Spinal subarachnoid hematoma (SSH) following diagnostic lumbar puncture is very rare. Generally, SSH is more likely to occur when the patient has coagulopathy or is undergoing anticoagulant therapy. Unlike the usual complications, such as headache, dizziness, and back pain at the needle puncture site, SSH may result in permanent neurologic deficits if not properly treated within a short period. An otherwise healthy 43-year-old female with no predisposing factors presented with fever and headache. Diagnostic lumbar puncture was performed under suspicion of acute meningitis. Lumbar magnetic resonance imaging was performed due to hypoesthesia below the level of T10 that rapidly progressed after the lumbar puncture. SSH was diagnosed, and high-dose steroid therapy was started. Her neurological symptoms rapidly deteriorated after 12 hours despite the steroids, necessitating emergent decompressive laminectomy and hematoma removal. The patient's condition improved after the surgery from a preoperative motor score of 1/5 in the right leg and 4/5 in the left leg to brace-free ambulation (motor grade 5/5) 3-month postoperative. The patient was discharged with no neurologic deficits. Critical complications such as SSH can be fatal. Therefore, a patient undergoing lumbar puncture must be carefully observed. A hematoma that convincingly compresses the spinal cord or cauda equina on imaging results requires early surgical decompression and hematoma removal ¹⁾.

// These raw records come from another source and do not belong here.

text \<open>The witness is Bernstein's choice \<open>l = t / (V + t / 3)\<close>.\<close>

lemma Bernstein_parameter_exists:
  fixes V L :: real
  assumes V: "0 \<le> V" and L: "0 < L"
  defines "t \<equiv> 2 / 3 * L + sqrt (2 * V * L)"
  shows "\<exists>l. 0 < l \<and> l < 3 \<and> l\<^sup>2 * V / (2 * (1 - l / 3)) - l * t \<le> - L"
proof (cases "V = 0")
  case True
  then show ?thesis
    by (intro exI[of _ "3 / 2"]) (simp add: t_def)
next
  case False
  then have V0: "0 < V"
    using V by simp
  have "0 \<le> sqrt (2 * V * L)"
    using V L by simp
  then have t0: "0 < t"
    using L unfolding t_def by linarith
  have den: "0 < V + t / 3"
    using V0 t0 by linarith
  define l where "l = t / (V + t / 3)"
  have l: "0 < l" "l < 3"
    using V0 t0 den by (simp_all add: l_def divide_less_eq)
  have lt: "l * (V + t / 3) = t"
    using den by (simp add: l_def)
  have one: "1 - l / 3 = V / (V + t / 3)"
    using den by (simp add: l_def field_simps)
  have "l\<^sup>2 * V / (2 * (1 - l / 3)) = l * (l * (V + t / 3)) / 2"
    unfolding one using V0 den by (simp add: field_simps power2_eq_square)
  then have quadratic: "l\<^sup>2 * V / (2 * (1 - l / 3)) = l * t / 2"
    by (simp only: lt)
  have "2 * L * (V + t / 3) \<le> t\<^sup>2"
    unfolding t_def by (rule Bernstein_deviation_square_ge[OF V less_imp_le[OF L]])
  then have "L \<le> t\<^sup>2 / (2 * (V + t / 3))"
    using den by (simp add: le_divide_eq algebra_simps)
  also have "\<dots> = l * t / 2"
    by (simp add: l_def power2_eq_square)
  finally have "l\<^sup>2 * V / (2 * (1 - l / 3)) - l * t \<le> - L"
    unfolding quadratic by linarith
  with l show ?thesis
    by blast
qed
(* Let $K=\mathbb{Z}/3$ and let $G=\mathcal{C}_{2\ell}$ be a cycle of length $s=2\ell$ ($\ell\ge2$). Then $$\dim_K C_X(d)=\begin{cases}2^{s-2}, & \text{if } d\ge \ell-1,\\[2pt] \sum_{i\ge0}\binom{s}{d-2i}, & \text{if } 0\le d\le \ell-2,\end{cases}$$ where $\binom{s}{k}=0$ for $k<0$.
   Context: Let $G$ have vertex set $\{1,\dots,n\}$ and edges $e_1,\dots,e_s$, identified with variables of $S=K[t_1,\dots,t_s]$, $K$ a finite field. Let $X\subseteq\mathbb{P}^{s-1}$ be the image of the projective torus $\{(x_1:\dots:x_n): x_i\neq0\}\subseteq\mathbb{P}^{n-1}$ under the map whose $k$-th coordinate is $x_ix_j$ when $e_k=\{i,j\}$. Order $X=\{P_1,\dots,P_m\}$. For $d\ge0$, $C_X(d)\subseteq K^m$ is the image of the space $S_d$ of degree-$d$ forms under $f\mapsto \big(f(P_1)/t_1^d(P_1),\dots,f(P_m)/t_1^d(P_m)\big)$. *)

theory Defs
  imports Complex_Main "HOL-Library.Function_Algebras"
begin

(* A graph G on vertices {1..n} with edges e_1..e_s is given by a function
   e :: nat => nat * nat, where e k = (i, j) is the edge {i,j} (for 1 <= k <= s).
   Points of K^N are functions nat => K (coordinates indexed from 1). *)

definition cycle_edge :: "nat \<Rightarrow> nat \<Rightarrow> nat \<times> nat" where
  "cycle_edge s k = (k, if k = s then 1 else k + 1)"

(* affine representatives of the projective torus in P^{n-1} *)
definition torus :: "nat \<Rightarrow> (nat \<Rightarrow> 'k::field) set" where
  "torus n = {x. (\<forall>i\<in>{1..n}. x i \<noteq> 0) \<and> (\<forall>i. i \<notin> {1..n} \<longrightarrow> x i = 0)}"

definition param_pt :: "(nat \<Rightarrow> nat \<times> nat) \<Rightarrow> nat \<Rightarrow> (nat \<Rightarrow> 'k::field) \<Rightarrow> (nat \<Rightarrow> 'k)" where
  "param_pt e s x = (\<lambda>k. if k \<in> {1..s} then x (fst (e k)) * x (snd (e k)) else 0)"

definition proj_class :: "(nat \<Rightarrow> 'k::field) \<Rightarrow> (nat \<Rightarrow> 'k) set" where
  "proj_class v = {(\<lambda>k. c * v k) | c. c \<noteq> 0}"

(* X \<subseteq> P^{s-1}: image of the projective torus of P^{n-1} *)
definition projX :: "nat \<Rightarrow> nat \<Rightarrow> (nat \<Rightarrow> nat \<times> nat) \<Rightarrow> (nat \<Rightarrow> 'k::field) set set" where
  "projX n s e = proj_class ` (param_pt e s ` torus n)"

(* exponent vectors of monomials of degree d in t_1..t_s *)
definition monomials :: "nat \<Rightarrow> nat \<Rightarrow> (nat \<Rightarrow> nat) set" where
  "monomials s d = {\<alpha>. (\<forall>k. k \<notin> {1..s} \<longrightarrow> \<alpha> k = 0) \<and> (\<Sum>k=1..s. \<alpha> k) = d}"

(* forms of degree d in S = K[t_1..t_s], given by their coefficients *)
definition forms :: "nat \<Rightarrow> nat \<Rightarrow> ((nat \<Rightarrow> nat) \<Rightarrow> 'k::field) set" where
  "forms s d = {c. \<forall>\<alpha>. \<alpha> \<notin> monomials s d \<longrightarrow> c \<alpha> = 0}"

definition eval_form :: "nat \<Rightarrow> nat \<Rightarrow> ((nat \<Rightarrow> nat) \<Rightarrow> 'k::field) \<Rightarrow> (nat \<Rightarrow> 'k) \<Rightarrow> 'k" where
  "eval_form s d c p = (\<Sum>\<alpha>\<in>monomials s d. c \<alpha> * (\<Prod>k=1..s. p k ^ \<alpha> k))"

definition rep :: "(nat \<Rightarrow> 'k) set \<Rightarrow> (nat \<Rightarrow> 'k)" where
  "rep P = (SOME p. p \<in> P)"

(* C_X(d): the image of S_d under f |-> (f(P)/t_1^d(P))_{P \<in> X}; a codeword is
   represented as a function on X (extended by 0 outside X), i.e. an element of K^X \<cong> K^m *)
definition code :: "nat \<Rightarrow> nat \<Rightarrow> (nat \<Rightarrow> nat \<times> nat) \<Rightarrow> nat \<Rightarrow> ((nat \<Rightarrow> 'k::field) set \<Rightarrow> 'k) set" where
  "code n s e d = {(\<lambda>P. if P \<in> projX n s e
                         then eval_form s d c (rep P) / (rep P 1) ^ d else 0) | c. c \<in> forms s d}"

definition dimK :: "('a \<Rightarrow> 'k::field) set \<Rightarrow> nat" where
  "dimK V = vector_space.dim (\<lambda>(a::'k) f. (\<lambda>x. a * f x)) V"

end

theory Submission
  imports Defs
begin
(* Let $\mathcal{L}_1,\mathcal{L}_2\in\mathrm{Mat}_d(\mathbb{Z})$ be irreducible and coprime, and let $\Lambda=\mathbb{Z}^d\cap \mathcal{L}_1^{-1}\mathcal{L}_2 \mathbb{Z}^d\cap \mathcal{L}_2^{-1}\mathcal{L}_1 \mathbb{Z}^d$, $\Gamma_1=\Lambda\cap \mathcal{L}_2^{-1}\mathcal{L}_1\Lambda$, $G=\mathbb{Z}^d/\Gamma_1$, and $\phi_1,\phi_2:G\to\mathbb{Z}^d/\mathcal{L}_1\Lambda$ the homomorphisms $\phi_i(x+\Gamma_1)=\mathcal{L}_ix+\mathcal{L}_1\Lambda$. Let $X\subseteq G$ with $0\in X$. Then at least one of the following holds: (1) $X$ does not generate $G$; (2) $|\phi_1(X)+\phi_2(X)|>|X|$; (3) $\Lambda/\Gamma_1\subseteq X$.
   Context: Irreducible: there are no non-trivial subspaces $U,V$ of $\mathbb{Q}^d$ of the same dimension with $\mathcal{L}_1U\subseteq V$ and $\mathcal{L}_2U\subseteq V$. Coprime: there are no $\mathcal{P},\mathcal{Q}\in \mathrm{GL}_d(\mathbb{Q})$ with $0<|\det(\mathcal{P})\det(\mathcal{Q})|<1$ such that $\mathcal{P}\mathcal{L}_1\mathcal{Q},\mathcal{P}\mathcal{L}_2\mathcal{Q}\in\mathrm{Mat}_d(\mathbb{Z})$. The maps $\phi_1,\phi_2$ are well defined and $\phi_1+\phi_2$ is an isomorphism. *)

theory Defs
  imports "HOL-Analysis.Analysis"
begin

definition ratmat :: "int^'n^'n \<Rightarrow> rat^'n^'n" where
  "ratmat L = (\<chi> i j. of_int (L $ i $ j))"

definition irreducible_pair :: "int^'n^'n \<Rightarrow> int^'n^'n \<Rightarrow> bool" where
  "irreducible_pair L1 L2 \<longleftrightarrow>
     \<not> (\<exists>U V :: (rat^'n) set.
          vec.subspace U \<and> vec.subspace V \<and> vec.dim U = vec.dim V \<and>
          U \<noteq> {0} \<and> U \<noteq> UNIV \<and> V \<noteq> {0} \<and> V \<noteq> UNIV \<and>
          (\<lambda>u. ratmat L1 *v u) ` U \<subseteq> V \<and> (\<lambda>u. ratmat L2 *v u) ` U \<subseteq> V)"

definition integral_mat :: "rat^'n^'n \<Rightarrow> bool" where
  "integral_mat M \<longleftrightarrow> (\<forall>i j. M $ i $ j \<in> \<int>)"

definition coprime_pair :: "int^'n^'n \<Rightarrow> int^'n^'n \<Rightarrow> bool" where
  "coprime_pair L1 L2 \<longleftrightarrow>
     \<not> (\<exists>P Q :: rat^'n^'n. invertible P \<and> invertible Q \<and>
          0 < \<bar>det P * det Q\<bar> \<and> \<bar>det P * det Q\<bar> < 1 \<and>
          integral_mat (P ** ratmat L1 ** Q) \<and> integral_mat (P ** ratmat L2 ** Q))"

text \<open>Lambda = Z^d \<inter> L1^{-1} L2 Z^d \<inter> L2^{-1} L1 Z^d (inverse images taken in Q^d).\<close>
definition Lam :: "int^'n^'n \<Rightarrow> int^'n^'n \<Rightarrow> (int^'n) set" where
  "Lam L1 L2 = {x. (\<exists>y. L1 *v x = L2 *v y) \<and> (\<exists>y. L2 *v x = L1 *v y)}"

definition Gam1 :: "int^'n^'n \<Rightarrow> int^'n^'n \<Rightarrow> (int^'n) set" where
  "Gam1 L1 L2 = {x \<in> Lam L1 L2. \<exists>y \<in> Lam L1 L2. L2 *v x = L1 *v y}"

definition coset :: "'a::ab_group_add set \<Rightarrow> 'a \<Rightarrow> 'a set" where
  "coset H x = (\<lambda>h. x + h) ` H"

definition quot :: "'a::ab_group_add set \<Rightarrow> 'a set \<Rightarrow> 'a set set" where
  "quot A H = coset H ` A"

inductive_set qgen :: "'a::ab_group_add set \<Rightarrow> 'a set set \<Rightarrow> 'a set set"
  for H X where
  zero: "coset H 0 \<in> qgen H X"
| add: "coset H x \<in> X \<Longrightarrow> coset H y \<in> qgen H X \<Longrightarrow> coset H (y + x) \<in> qgen H X"
| sub: "coset H x \<in> X \<Longrightarrow> coset H y \<in> qgen H X \<Longrightarrow> coset H (y - x) \<in> qgen H X"

definition phi_img :: "int^'n^'n \<Rightarrow> int^'n^'n \<Rightarrow> int^'n^'n \<Rightarrow> (int^'n) set set \<Rightarrow> (int^'n) set set" where
  "phi_img L1 L2 L X =
     {coset ((\<lambda>y. L1 *v y) ` Lam L1 L2) (L *v x) | x. coset (Gam1 L1 L2) x \<in> X}"

definition qsumset :: "'a::ab_group_add set \<Rightarrow> 'a set set \<Rightarrow> 'a set set \<Rightarrow> 'a set set" where
  "qsumset K A B = {coset K (u + v) | u v. coset K u \<in> A \<and> coset K v \<in> B}"

end

theory Submission
  imports Defs
begin
lemma B1_eq_alternating_residue_sum:
  assumes "coprime h (int K)" and "odd h" and "odd K"
  defines "r j \<equiv> nat (h * int j mod int K)"
  shows "B1 h (int K)
           = of_int h * (\<Sum>j\<in>{1..<K}. (-1)^(r j) * (real j / K - 1/2)) - (real K - 1) / (2 * real K)"
proof -
  obtain m where m: "K = 2 * m + 1" using assms(3) by (metis oddE)
  have floor_div: "of_int (h * int j div int K) = (of_int h * real j - real (r j)) / real K" for j
  proof -
    have "of_int (h * int j) = real K * of_int (h * int j div int K) + of_int (h * int j mod int K)"
      by (metis mult_div_mod_eq of_int_add of_int_mult of_int_of_nat_eq)
    moreover have "h * int j mod int K \<ge> 0" using m by simp
    ultimately show ?thesis using m unfolding r_def by (simp add: field_simps)
  qed
  have signs: "(\<Sum>j\<in>{1..<K}. (-1::real)^(r j)) = 0"
    and weighted_signs: "(\<Sum>j\<in>{1..<K}. (-1::real)^(r j) * real (r j)) = real m"
    using sum.reindex_bij_betw[OF bij_betw_mult_mod[OF assms(1)], of "\<lambda>x. (-1::real)^x"]
      sum.reindex_bij_betw[OF bij_betw_mult_mod[OF assms(1)], of "\<lambda>x. (-1::real)^x * real x"]
      sum_alternating_signs_odd_range[of m]
    unfolding r_def m by simp_all
  have "B1 h (int K) = (\<Sum>j\<in>{1..<K}. (-1)^(r j) * ((of_int h * real j - real (r j)) / real K))"
    unfolding B1_eq_sum_floor_div parity_sign_floor_div_eq_residue_sign[OF assms(2,3)] floor_div r_def ..
  also have "\<dots> = of_int h * (\<Sum>j\<in>{1..<K}. (-1)^(r j) * (real j / K - 1/2))
                    + of_int h / 2 * (\<Sum>j\<in>{1..<K}. (-1)^(r j))
                    - (\<Sum>j\<in>{1..<K}. (-1)^(r j) * real (r j)) / real K"
    by (simp add: sum_distrib_left sum_subtractf sum_divide_distrib field_simps flip: sum.distrib)
  finally show ?thesis unfolding signs weighted_signs using m by (simp add: field_simps)
qed

lemma residue_sign_cot_expansion:
  assumes "coprime h (int K)" and "odd h" and "odd K" and "j \<in> {1..<K}"
  shows "(-1::real)^(nat (h * int j mod int K))
           = (-1)^j * (\<Sum>i<K. cot (chebyshev_angle K i) * sin (2 * real j * (of_int h * chebyshev_angle K i)))
               / real K"
proof -
  have "K > 0" using assms(3) by (cases K) auto
  have "(-1::real)^(nat (h * int j mod int K)) = (-1)^j * parity_sign (h * int j div int K)"
    by (simp flip: parity_sign_floor_div_eq_residue_sign[OF assms(2,3)] add: parity_sign_add parity_sign_of_nat)
  also have "parity_sign (h * int j div int K)
      = (\<Sum>i<K. cot (chebyshev_angle K i) * sin (2 * of_int (h * int j) * chebyshev_angle K i)) / real K"
    using cot_sin_sum_chebyshev_angle[OF \<open>K > 0\<close> not_dvd_mult_if_coprime[OF assms(1,4)]] by simp
  finally show ?thesis by (simp add: mult_ac)
qed

lemma cos_double_odd_multiple_chebyshev_angle:
  assumes "odd h" and "K > 0"
  shows "cos (2 * real K * (of_int h * chebyshev_angle K i)) = -1"
proof -
  have "2 * real K * (of_int h * chebyshev_angle K i) = pi * of_int (h * (2 * int i + 1))"
    using assms(2) unfolding chebyshev_angle_def by (simp add: field_simps)
  moreover have "odd (h * (2 * int i + 1))" using assms(1) by simp
  ultimately show ?thesis by (simp only: cos_npi_int) simp
qed

lemma alternating_residue_sum_eq_cot_tan_sum:
  assumes "coprime h (int K)" and "odd h" and "odd K"
  shows "(\<Sum>j\<in>{1..<K}. (-1)^(nat (h * int j mod int K)) * (real j / K - 1/2))
           = (\<Sum>i<K. cot (chebyshev_angle K i) * tan (of_int h * chebyshev_angle K i)) / (2 * real K)"
proof -
  let ?\<theta> = "chebyshev_angle K"
  have "K > 0" using assms(3) by (cases K) auto
  have "(\<Sum>j\<in>{1..<K}. (-1)^(nat (h * int j mod int K)) * (real j / K - 1/2))
      = (\<Sum>j\<in>{1..<K}. \<Sum>i<K. cot (?\<theta> i)
           * ((-1)^j * (real j / K - 1/2) * sin (2 * real j * (of_int h * ?\<theta> i)))) / real K"
    by (simp add: residue_sign_cot_expansion[OF assms] sum_divide_distrib sum_distrib_left
        sum_distrib_right mult_ac)
  also have "\<dots> = (\<Sum>i<K. cot (?\<theta> i)
           * (\<Sum>j=1..<K. (-1)^j * (real j / K - 1/2) * sin (2 * real j * (of_int h * ?\<theta> i)))) / real K"
    by (subst sum.swap) (simp add: sum_distrib_left)
  also have "\<dots> = (\<Sum>i<K. cot (?\<theta> i) * (tan (of_int h * ?\<theta> i) / 2)) / real K"
    by (simp only: sum_alternating_sawtooth_sin[OF assms(3)
          cos_double_odd_multiple_chebyshev_angle[OF assms(2) \<open>K > 0\<close>]])
  finally show ?thesis by (simp add: sum_divide_distrib)
qed

lemma tan_cot_sum_eq_chebyshev_sum:
  assumes "odd K"
  shows "(\<Sum>j\<in>{1..int K} - {(int K + 1) div 2}.
            tan (pi * of_int h * of_int (2 * j - 1) / (2 * real K)) * cot (pi * of_int (2 * j - 1) / (2 * real K)))
         = (\<Sum>i<K. cot (chebyshev_angle K i) * tan (of_int h * chebyshev_angle K i))"
proof -
  let ?g = "\<lambda>j. tan (pi * of_int h * of_int (2 * j - 1) / (2 * real K)) * cot (pi * of_int (2 * j - 1) / (2 * real K))"
  have "K > 0" using assms by (cases K) auto
  have shift: "{1..int K} = (\<lambda>i. int i + 1) ` {..<K}"
  proof (intro subset_antisym subsetI)
    fix j assume "j \<in> {1..int K}"
    then show "j \<in> (\<lambda>i. int i + 1) ` {..<K}" by (intro image_eqI[of _ _ "nat (j - 1)"]) auto
  qed auto
  have "?g ((int K + 1) div 2) = 0"
    \<comment> \<open>the excluded term has the junk factor \<open>tan (h\<pi>/2)\<close>, but \<open>cot (\<pi>/2) = 0\<close>\<close>
  proof -
    have "2 * ((int K + 1) div 2) - 1 = int K" using assms by (auto elim!: oddE)
    then show ?thesis using \<open>K > 0\<close> by (simp add: cot_def)
  qed
  then have "(\<Sum>j\<in>{1..int K} - {(int K + 1) div 2}. ?g j) = (\<Sum>j\<in>{1..int K}. ?g j)"
    using \<open>K > 0\<close> by (simp add: sum_diff1)
  also have "\<dots> = (\<Sum>i<K. ?g (int i + 1))"
    unfolding shift by (simp add: sum.reindex inj_on_def)
  also have "\<dots> = (\<Sum>i<K. cot (chebyshev_angle K i) * tan (of_int h * chebyshev_angle K i))"
    by (intro sum.cong refl) (simp add: chebyshev_angle_def field_simps)
  finally show ?thesis .
qed
(* Let $\mu$ be a differentiable growth rate and $\gamma_1,\gamma_2\in\rho^{ND}_\mu(A)$ with $\gamma_1<\gamma_2$. The following are equivalent: (a) $\mathcal U_{\gamma_2}\cap\mathcal V_{\gamma_1}\ne\mathbb R\times\{0\}$; (b) $[\gamma_1,\gamma_2]\cap\Sigma^{ND}_\mu(A)\ne\emptyset$; (c) $\operatorname{rank}\mathcal U_{\gamma_1}<\operatorname{rank}\mathcal U_{\gamma_2}$; (d) $\operatorname{rank}\mathcal V_{\gamma_1}>\operatorname{rank}\mathcal V_{\gamma_2}$.
   Context: Fix $n\ge1$ and a norm on $\mathbb R^n$. Let $A:\mathbb R\to M_n(\mathbb R)$ be continuous with evolution operator $\Phi(t,s)$. $\operatorname{sign}(s)\in\{-1,0,1\}$. A growth rate is a strictly increasing $\mu:\mathbb R\to(0,\infty)$, $\mu(0)=1$, $\mu\to+\infty$ at $+\infty$, $\mu\to0$ at $-\infty$; differentiable if it is differentiable. A linear system $x'=C(t)x$ with evolution operator $\Psi$ admits a nonuniform $\mu$-dichotomy (N$\mu$D) if there are projections $P(t)$ with $P(t)\Psi(t,s)=\Psi(t,s)P(s)$ and constants $K\ge1$, $\alpha<0$, $\beta>0$, $\theta,\nu\ge0$, $\alpha+\theta<0$, $\beta-\nu>0$ with ($Q=I-P$) $\|\Psi(t,s)P(s)\|\le K(\mu(t)/\mu(s))^{\alpha}\mu(s)^{\operatorname{sign}(s)\theta}$ for $t\ge s$ and $\|\Psi(t,s)Q(s)\|\le K(\mu(t)/\mu(s))^{\beta}\mu(s)^{\operatorname{sign}(s)\nu}$ for $t\le s$. $\Sigma^{ND}_\mu(A)=\{\gamma: x'=(A(t)-\gamma\frac{\mu'(t)}{\mu(t)}I)x\text{ admits no N}\mu\text{D}\}$, $\rho^{ND}_\mu(A)=\mathbb R\setminus\Sigma^{ND}_\mu(A)$. $\mathcal U_\gamma=\{(s,\xi):\sup_{t\ge0}\|\Phi(t,s)\xi\|\mu(t)^{-\gamma}<\infty\}$, $\mathcal V_\gamma=\{(s,\xi):\sup_{t\le0}\|\Phi(t,s)\xi\|\mu(t)^{-\gamma}<\infty\}$. These are linear integral manifolds: their fibers $\mathcal W(s)=\{\xi:(s,\xi)\in\mathcal W\}$ are linear subspaces of $\mathbb R^n$ of a dimension independent of $s$, called the rank. Intersection is fiberwise. *)

theory Defs
  imports "HOL-Analysis.Analysis"
begin

definition growth_rate :: "(real \<Rightarrow> real) \<Rightarrow> bool" where
  "growth_rate \<mu> \<longleftrightarrow> strict_mono \<mu> \<and> (\<forall>t. 0 < \<mu> t) \<and> \<mu> 0 = 1
     \<and> filterlim \<mu> at_top at_top \<and> (\<mu> \<longlongrightarrow> 0) at_bot"

definition diff_growth_rate :: "(real \<Rightarrow> real) \<Rightarrow> bool" where
  "diff_growth_rate \<mu> \<longleftrightarrow> growth_rate \<mu> \<and> (\<forall>t. \<mu> differentiable (at t))"

definition evol_op :: "(real \<Rightarrow> real^'n^'n) \<Rightarrow> (real \<Rightarrow> real \<Rightarrow> real^'n^'n) \<Rightarrow> bool" where
  "evol_op C \<Psi> \<longleftrightarrow> (\<forall>s. \<Psi> s s = mat 1 \<and>
      (\<forall>t. ((\<lambda>t. \<Psi> t s) has_vector_derivative (C t ** \<Psi> t s)) (at t)))"

definition mnorm :: "real^'n^'n \<Rightarrow> real" where
  "mnorm M = onorm (\<lambda>x. M *v x)"

definition NmuD :: "(real \<Rightarrow> real) \<Rightarrow> (real \<Rightarrow> real^'n^'n) \<Rightarrow> bool" where
  "NmuD \<mu> C \<longleftrightarrow> (\<exists>\<Psi>. evol_op C \<Psi> \<and>
     (\<exists>P K \<alpha> \<beta> \<theta> \<nu>. (\<forall>t. P t ** P t = P t) \<and> (\<forall>t s. P t ** \<Psi> t s = \<Psi> t s ** P s)
       \<and> K \<ge> 1 \<and> \<alpha> < 0 \<and> \<beta> > 0 \<and> \<theta> \<ge> 0 \<and> \<nu> \<ge> 0 \<and> \<alpha> + \<theta> < 0 \<and> \<beta> - \<nu> > 0
       \<and> (\<forall>t s. t \<ge> s \<longrightarrow> mnorm (\<Psi> t s ** P s)
              \<le> K * (\<mu> t / \<mu> s) powr \<alpha> * \<mu> s powr (sgn s * \<theta>))
       \<and> (\<forall>t s. t \<le> s \<longrightarrow> mnorm (\<Psi> t s ** (mat 1 - P s))
              \<le> K * (\<mu> t / \<mu> s) powr \<beta> * \<mu> s powr (sgn s * \<nu>))))"

definition SigmaND :: "(real \<Rightarrow> real) \<Rightarrow> (real \<Rightarrow> real^'n^'n) \<Rightarrow> real set" where
  "SigmaND \<mu> A = {\<gamma>. \<not> NmuD \<mu> (\<lambda>t. A t - (\<gamma> * deriv \<mu> t / \<mu> t) *\<^sub>R mat 1)}"

definition rhoND :: "(real \<Rightarrow> real) \<Rightarrow> (real \<Rightarrow> real^'n^'n) \<Rightarrow> real set" where
  "rhoND \<mu> A = UNIV - SigmaND \<mu> A"

definition Uset :: "(real \<Rightarrow> real) \<Rightarrow> (real \<Rightarrow> real \<Rightarrow> real^'n^'n) \<Rightarrow> real \<Rightarrow> (real \<times> (real^'n)) set" where
  "Uset \<mu> \<Phi> \<gamma> = {(s, \<xi>). bdd_above ((\<lambda>t. norm (\<Phi> t s *v \<xi>) * \<mu> t powr (- \<gamma>)) ` {0..})}"

definition Vset :: "(real \<Rightarrow> real) \<Rightarrow> (real \<Rightarrow> real \<Rightarrow> real^'n^'n) \<Rightarrow> real \<Rightarrow> (real \<times> (real^'n)) set" where
  "Vset \<mu> \<Phi> \<gamma> = {(s, \<xi>). bdd_above ((\<lambda>t. norm (\<Phi> t s *v \<xi>) * \<mu> t powr (- \<gamma>)) ` {..0})}"

text \<open>Rank of a linear integral manifold: the dimension of its fiber (independent of s; taken at s = 0).\<close>
definition rank_im :: "(real \<times> (real^'n)) set \<Rightarrow> nat" where
  "rank_im W = dim {\<xi>. (0, \<xi>) \<in> W}"

end

theory Submission
  imports Defs
begin
lemma proj_line_in_Pspace: "proj_line x \<in> Pspace"
  unfolding proj_line_def by (auto intro: line_in_Pspace)

lemma measurable_proj_line [measurable]:
  "proj_line \<in> (borel :: (real^'n::finite) measure) \<rightarrow>\<^sub>M proj_space"
proof (rule measurableI)
  fix A :: "(real^'n) set set" assume "A \<in> sets proj_space"
  then have "{x. x \<noteq> 0 \<and> line x \<in> A} \<in> sets borel" unfolding sets_proj_space by auto
  moreover have "proj_line -` A \<inter> space borel =
      {x. x \<noteq> 0 \<and> line x \<in> A} \<union> (if line 1 \<in> A then {0} else {})"
    unfolding proj_line_def by (auto split: if_splits)
  ultimately show "proj_line -` A \<inter> space borel \<in> sets borel" by auto
qed (simp add: proj_line_in_Pspace space_proj_space)

lemma continuous_on_det [continuous_intros]:
  "continuous_on S f \<Longrightarrow> continuous_on S (\<lambda>x. det (f x :: real^'n::finite^'n))"
  unfolding det_def by (intro continuous_intros)

lemma borel_measurable_det [measurable]:
  "(det :: real^'n::finite^'n \<Rightarrow> real) \<in> borel_measurable borel"
  by (rule borel_measurable_continuous_onI) (intro continuous_intros)

lemma sets_invertible [measurable]: "{g::real^'n::finite^'n. invertible g} \<in> sets borel"
proof -
  have "{g::real^'n^'n. invertible g} = det -` (- {0})" by (auto simp: invertible_det_nz)
  then show ?thesis using measurable_sets[OF borel_measurable_det, of "- {0}"] by auto
qed

lemma pred_invertible [measurable]:
  "Measurable.pred borel (invertible :: real^'n::finite^'n \<Rightarrow> bool)"
  using sets_invertible by (simp add: pred_def)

A case report describes a 48-year old female who presented with altered mental status, lower extremity weakness, low back pain and a recent history of subjective fevers and night sweats found to have posterior parieto-occipital and spinal subarachnoid hemorrhage on imaging. Further work-up revealed vasculitic changes in the intracranial vasculature and the external carotid artery on angiography. She also demonstrated positivity for perinuclear anti-neutrophil cytoplasmic (p-ANCA) antibodies overall consistent with ANCA associated central nervous system vasculitis (AAV). The present case describes a rare and new presentation of AAV that caused both a cerebral and spinal subarachnoid hemorrhage. There has been no documentation of spinal subarachnoid hemorrhage associated with primary or secondary vasculitis in the literature. Ultimately, this case demonstrates the important finding that AAV can have spinal cord manifestations and cervical vasculature involvement along with the more classic intra-cranial vasculitis findings ²⁾.